→ TASK DIRECTIONS
Print each record below word for word.

→ INFORMATION SHOWN
(* In the setting of the one-step SNA update below, assume (A1) $T\nu\le\frac14$ and work on the event $\mathcal E=\{\|X^\top\eta\|_\infty/n\le\lambda_u\}$. Let $\kappa=8/5$ and $\tau\in\{\kappa,\kappa+1\}$, and for $\lambda>0$ let $S_{\lambda,\tau}=\{i:|\beta^\dagger_i|\ge\lambda\tau\}$. Let $\bar\lambda=\frac{9}{10}\lambda+\delta_u<\lambda$. Given $(\beta^k,d^k)$ with $A^k=\{i:|\beta^k_i+d^k_i|>\lambda\}$, compute $(\beta^{k+1},d^{k+1})$ by one SNA step and set $A^{k+1}=\{i:|\beta^{k+1}_i+d^{k+1}_i|>\lambda\}$. Let $E^k=A^\dagger\setminus A^k$ and $i_k\in\arg\max_{i\in E^k}|\beta^\dagger_i|$ (similarly $i_{k+1}$ for $E^{k+1}$, with value $0$ if the set is empty). Then: (i) if $S_{\lambda,\tau}\subseteq A^k\subseteq A^\dagger$, then $S_{\lambda,\tau}\subseteq A^{k+1}\subseteq A^\dagger$; (ii) if $S_{\lambda,\kappa+1}\subseteq A^k\subseteq A^\dagger$ and $S_{\lambda,\kappa}\not\subseteq A^k$, then $|\beta^\dagger_{i_k}|>|\beta^\dagger_{i_{k+1}}|$.
   Context: Model $y=X\beta^\dagger+\eta$, $X\in\mathbb{R}^{n\times p}$ with $\|X_j\|_2^2=n$; $A^\dagger=\operatorname{supp}(\beta^\dagger)$, $T=|A^\dagger|$; $\nu=\max_{i\ne j}|(X^\top X)_{ij}|/n$; $\lambda_u=\sigma\sqrt{2\log(p)/n}$, $\delta_u=3\lambda_u$. One SNA step (with $\alpha=0$) from $(\beta^k,d^k)$: with $B^k=(A^k)^c$, $\beta^{k+1}_{B^k}=0$, $d^{k+1}_{A^k}=(\lambda-\bar\lambda)\operatorname{sgn}(\beta^k_{A^k}+d^k_{A^k})$, $\beta^{k+1}_{A^k}=(X_{A^k}^\top X_{A^k})^{-1}(X_{A^k}^\top y-nd^{k+1}_{A^k})$, $d^{k+1}_{B^k}=X_{B^k}^\top(y-X_{A^k}\beta^{k+1}_{A^k})/n$. *)

theory Defs
  imports Complex_Main
begin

→ RESULT OF THIS TASK
(* In the setting of the one-step SNA update below, assume (A1) $T\nu\le\frac14$ and work on the event $\mathcal E=\{\|X^\top\eta\|_\infty/n\le\lambda_u\}$. Let $\kappa=8/5$ and $\tau\in\{\kappa,\kappa+1\}$, and for $\lambda>0$ let $S_{\lambda,\tau}=\{i:|\beta^\dagger_i|\ge\lambda\tau\}$. Let $\bar\lambda=\frac{9}{10}\lambda+\delta_u<\lambda$. Given $(\beta^k,d^k)$ with $A^k=\{i:|\beta^k_i+d^k_i|>\lambda\}$, compute $(\beta^{k+1},d^{k+1})$ by one SNA step and set $A^{k+1}=\{i:|\beta^{k+1}_i+d^{k+1}_i|>\lambda\}$. Let $E^k=A^\dagger\setminus A^k$ and $i_k\in\arg\max_{i\in E^k}|\beta^\dagger_i|$ (similarly $i_{k+1}$ for $E^{k+1}$, with value $0$ if the set is empty). Then: (i) if $S_{\lambda,\tau}\subseteq A^k\subseteq A^\dagger$, then $S_{\lambda,\tau}\subseteq A^{k+1}\subseteq A^\dagger$; (ii) if $S_{\lambda,\kappa+1}\subseteq A^k\subseteq A^\dagger$ and $S_{\lambda,\kappa}\not\subseteq A^k$, then $|\beta^\dagger_{i_k}|>|\beta^\dagger_{i_{k+1}}|$.
   Context: Model $y=X\beta^\dagger+\eta$, $X\in\mathbb{R}^{n\times p}$ with $\|X_j\|_2^2=n$; $A^\dagger=\operatorname{supp}(\beta^\dagger)$, $T=|A^\dagger|$; $\nu=\max_{i\ne j}|(X^\top X)_{ij}|/n$; $\lambda_u=\sigma\sqrt{2\log(p)/n}$, $\delta_u=3\lambda_u$. One SNA step (with $\alpha=0$) from $(\beta^k,d^k)$: with $B^k=(A^k)^c$, $\beta^{k+1}_{B^k}=0$, $d^{k+1}_{A^k}=(\lambda-\bar\lambda)\operatorname{sgn}(\beta^k_{A^k}+d^k_{A^k})$, $\beta^{k+1}_{A^k}=(X_{A^k}^\top X_{A^k})^{-1}(X_{A^k}^\top y-nd^{k+1}_{A^k})$, $d^{k+1}_{B^k}=X_{B^k}^\top(y-X_{A^k}\beta^{k+1}_{A^k})/n$. *)

theory Defs
  imports Complex_Main
begin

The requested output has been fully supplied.